CSC 301.01, Class 39: Improved string-matching algorithms

Overview

• Preliminaries
• Notes and news
• Upcoming work
• Extra credit
• Questions
• Quick review
• The hash-code approach
• Building the table

News / Etc.

• Warning! Our Chair is visiting class this week.
• Cut/Close/Balance period finishes on Friday at 5:00 p.m.
• You may start Add/Drop on Monday the 4th.

Upcoming work

• NEW CS Table Tuesday: Exotic PLs

Extra credit (Peer)

• Swim meet this coming weekend. 6pm to ??? today. 9am tomorrow a.m.
• Chamber Ensembles Saturday at 4:00 p.m.
• One Acts this weekend.

Extra Credit (Misc)

• Mental Health Campus Resource Fair. Friday at 4pm in JRC 209.
• NEW Newtown film on Tuesday.

Other good things

• Festival of trees at Drake THIS afternoon
• Jazz Ensemble Concert TONIGHT at 7:30 p.m.
• YGB Saturday at 2:00 p.m.
• Collegium Concert Sunday at 2:00 p.m.

Quick review

Our goal: Given a source of length n and a target of length m, find the first (or all) matches of the source in the target.

Approach one: Try every position.

• Correct.
• Potentially inefficient.
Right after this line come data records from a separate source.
definition feasible :: "'a set set" where
  "feasible = {S. S \<subseteq> I \<and> (\<forall>k\<in>S. sig2 S \<le> ratio k)}"

definition candidates :: "'a set \<Rightarrow> 'a set" where
  "candidates S = {k \<in> I - S. sig2 S \<le> ratio k}"

definition greedy_step :: "'a set \<Rightarrow> 'a set \<Rightarrow> bool" where
  "greedy_step S S' \<longleftrightarrow> (\<exists>k\<in>candidates S. S' = insert k S)"

definition is_saturated :: "'a set \<Rightarrow> bool" where
  "is_saturated S \<longleftrightarrow> S \<in> feasible \<and> (\<forall>j\<in>I - S. ratio j < sig2 S)"

lemma gamma_nonneg: "k \<in> I \<Longrightarrow> \<gamma> k \<ge> 0"
  using gamma_pos[of k] by simp

lemma gamma_mult_ratio: "k \<in> I \<Longrightarrow> \<gamma> k * ratio k = \<mu> k"
  using gamma_pos[of k] unfolding ratio_def by simp

lemma sum_gamma_less_subset: "S \<subseteq> I \<Longrightarrow> sum \<gamma> S < D"
  using sum_mono2[OF finite_I, of S \<gamma>] gamma_nonneg sum_gamma_less by fastforce

lemma sum_mu_less_subset: "S \<subseteq> I \<Longrightarrow> sum \<mu> S < F"
  using sum_mono2[OF finite_I, of S \<mu>] mu_pos sum_mu_less
  by (fastforce intro: less_imp_le)

lemma sig2_pos: "S \<subseteq> I \<Longrightarrow> sig2 S > 0"
  unfolding sig2_def using sum_gamma_less_subset sum_mu_less_subset by simp

lemma sig2_mult: "S \<subseteq> I \<Longrightarrow> sig2 S * (D - sum \<gamma> S) = F - sum \<mu> S"
  unfolding sig2_def using sum_gamma_less_subset[of S] by simp

lemma sig2_insert_le:
  assumes S: "S \<subseteq> I" and k: "k \<in> I - S" and le: "sig2 S \<le> ratio k"
  shows "sig2 (insert k S) \<le> sig2 S"
proof -
  have "finite S" using S finite_I finite_subset by blast
  hence "sig2 (insert k S) = ((F - sum \<mu> S) - \<mu> k) / ((D - sum \<gamma> S) - \<gamma> k)"
    using k unfolding sig2_def by (simp add: algebra_simps)
  also have "\<dots> \<le> sig2 S"
    unfolding sig2_def
  proof (rule mediant_diff_le)
    show "0 < \<gamma> k" using k gamma_pos by blast
    show "\<gamma> k < D - sum \<gamma> S"
      using sum_gamma_less_subset[of "insert k S"] S k \<open>finite S\<close> by auto
    show "(F - sum \<mu> S) / (D - sum \<gamma> S) \<le> \<mu> k / \<gamma> k"
      using le unfolding sig2_def ratio_def .
  qed
  finally show ?thesis .
qed

lemma feasible_insert:
  assumes "S \<in> feasible" "k \<in> candidates S"
  shows "insert k S \<in> feasible"
proof -
  have S: "S \<subseteq> I" and k: "k \<in> I - S" and le: "sig2 S \<le> ratio k"
    using assms unfolding feasible_def candidates_def by auto
  have "sig2 (insert k S) \<le> sig2 S" by (rule sig2_insert_le[OF S k le])
  with assms(1) le show ?thesis
    unfolding feasible_def using k by (auto intro: order_trans)
qed

lemma greedy_reachable_feasible: "greedy_step\<^sup>*\<^sup>* {} S \<Longrightarrow> S \<in> feasible"
proof (induction rule: rtranclp_induct)
  case base
  then show ?case unfolding feasible_def by simp
next
  case (step S S')
  then show ?case unfolding greedy_step_def by (auto intro: feasible_insert)
qed

lemma greedy_no_infinite_run: "\<not> (\<exists>f. f 0 = {} \<and> (\<forall>n. greedy_step (f n) (f (Suc n))))"
proof
  assume "\<exists>f. f 0 = {} \<and> (\<forall>n. greedy_step (f n) (f (Suc n)))"
  then obtain f where f0: "f 0 = {}" and step: "\<And>n. greedy_step (f n) (f (Suc n))" by blast
  have run: "f n \<subseteq> I \<and> card (f n) = n" for n
  proof (induction n)
    case 0
    then show ?case using f0 by simp
  next
    case (Suc n)
    obtain k where "k \<in> I - f n" and "f (Suc n) = insert k (f n)"
      using step[of n] unfolding greedy_step_def candidates_def by auto
    moreover have "finite (f n)" using Suc.IH finite_I finite_subset by blast
    ultimately show ?case using Suc.IH by simp
  qed
  have "card (f (Suc (card I))) \<le> card I"
    using run finite_I by (intro card_mono) auto
  with run show False by (metis Suc_n_not_le_n)
qed

lemma greedy_final_saturated:
  assumes "greedy_step\<^sup>*\<^sup>* {} S" "candidates S = {}"
  shows "is_saturated S"
  using greedy_reachable_feasible[OF assms(1)] assms(2)
  unfolding is_saturated_def candidates_def by (auto simp: not_le)

definition balance :: "real \<Rightarrow> real" where
  "balance s = F - s * D - (\<Sum>k\<in>I. \<gamma> k * max 0 (ratio k - s))"

lemma balance_strict_antimono:
  assumes "s < t"
  shows "balance t < balance s"
proof -
  have "(\<Sum>k\<in>I. \<gamma> k * max 0 (ratio k - s)) \<le> (\<Sum>k\<in>I. \<gamma> k * (max 0 (ratio k - t) + (t - s)))"
    using assms gamma_nonneg by (intro sum_mono mult_left_mono) auto
  also have "\<dots> = (\<Sum>k\<in>I. \<gamma> k * max 0 (ratio k - t)) + sum \<gamma> I * (t - s)"
    by (simp add: distrib_left sum.distrib sum_distrib_right)
  also have "sum \<gamma> I * (t - s) < D * (t - s)"
    using sum_gamma_less assms by (intro mult_strict_right_mono) auto
  finally show ?thesis unfolding balance_def by (simp add: algebra_simps)
qed

lemma sig2_balanced:
  assumes S: "S \<subseteq> I"
  shows "F - sig2 S * D - (\<Sum>k\<in>S. \<gamma> k * (ratio k - sig2 S)) = 0"
proof -
  have "(\<Sum>k\<in>S. \<gamma> k * (ratio k - sig2 S)) = (\<Sum>k\<in>S. \<mu> k - sig2 S * \<gamma> k)"
    using S by (intro sum.cong) (auto simp: algebra_simps gamma_mult_ratio)
  then show ?thesis
    using sig2_mult[OF S] by (simp add: sum_subtractf sum_distrib_right algebra_simps)
qed

lemma balance_feasible_nonpos:
  assumes "T \<in> feasible"
  shows "balance (sig2 T) \<le> 0"
proof -
  have T: "T \<subseteq> I" and le: "\<And>k. k \<in> T \<Longrightarrow> sig2 T \<le> ratio k"
    using assms unfolding feasible_def by auto
  have "(\<Sum>k\<in>T. \<gamma> k * (ratio k - sig2 T)) = (\<Sum>k\<in>T. \<gamma> k * max 0 (ratio k - sig2 T))"
    using le by (intro sum.cong) auto
  also have "\<dots> \<le> (\<Sum>k\<in>I. \<gamma> k * max 0 (ratio k - sig2 T))"
    using T finite_I gamma_nonneg by (intro sum_mono2) auto
  finally show ?thesis using sig2_balanced[OF T] unfolding balance_def by linarith
qed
O(nm)

The hash-code approach

a.k.a. the Rabin Karp algorithm

• Write a hash function that is easy to update
• Constant time to compute hash(t[i+1…i+n]) from hash(t[i..i+n-1]) and t[n].
• Compute the hash code of the source.
• Compute each hash code in the target.
• If any hash codes match, compare the individual strings, O(n)

What’s the typical hash function?

Let alpha be the number of letters in the alphabet. (or “a prime”) (or “a prime at least as large as the number of letters in the alphabet”)

s[i]*alpha^(n-1) + s[i+1]*alpha^(n-2) + ... + s[i+n-1]*alpha^0


or

s[i]*alpha^0 + s[i+1]*alpha^1 + ... + s[i+n-1]*alpha^(n-1)


We use the former. That allows us to update by chopping off the leftmost term, multiplying by alpha, and adding the lower order term.

Note: We only need to compute alpha^(n-1) once.

Why might Sam think this is not an O(n+m) algorithm?

• To avoid overflow, we need to mod by something (MAX_INT, some large prime)
• That means we have to check after the hash codes match.
• If we are really unlucky, we can match, and then match again, and then match again.
• What’s an input that causes problems? Find two characters, a and b, that hashmod to the same value.
• source is aaaaaaab
• target is aaaaaaaaaaaaaaaaaaaaaaaaaaaaaaaaab
• We may have to do longer strings for a more sensible modulus, but we will still find some overlaps.

Why might Sam be wrong?

It is rare that the modulus is smaller than the number of values.

• Randomness may help!
• Perhaps we can then say “expected O(n+m)”

Let us return to the original (try matching at position 0, then at position 1, then at position 2, …).

Suppose our source is aaab and our input is aaaa___. What should we do upon seeing that the b and the fourth a don’t match? In particular, do we really have to look at t[1] and t[2]?

• We know that t[1] is a and t[2] is a, so we can next match t[3] to s[2]

We can do even better if we try to match “aaab” against “aaaaac”. Once we hit the c, we can start again immediately afterwards.

If we develop some knowledge about the source, we can figure out how much of a prefix of the source string we can keep when we have a failed match.

a a a b
0 0 0 2


Knuth-Morris-Pratt: Match using this “preserve” table.

Inputs:
target, a string
source, a string
P, the table described above
Steps:
i = 0; // Index into target
j = 0; // Index into source
while (i < length(target))
if (j == length(source))
return MATCH at i-j.
else if (target[i] == source[j])
++i;
++j;
else if j == 0
++i
else
j = P[j]


Run this algorithm on target of aaaacaaaaab with source of aaab.

• P[0] = 0; P[1] = 0; P[2] = 0; P[3] = 2

E.g.,

• i = 0, j = 0, source[j] = a, target[i] = a, MATCH
• i = 1, j = 1, source[j] = a, target[i] = a, MATCH
• i = 2, j = 2, source[j] = a, target[i] = a, MATCH
• i = 3, j = 3, source[j] = b, target[i] = a, FAIL TO MATCH P[3] = 2
• i = 3, j = 2, source[j] = a, target[i] = a, MATCH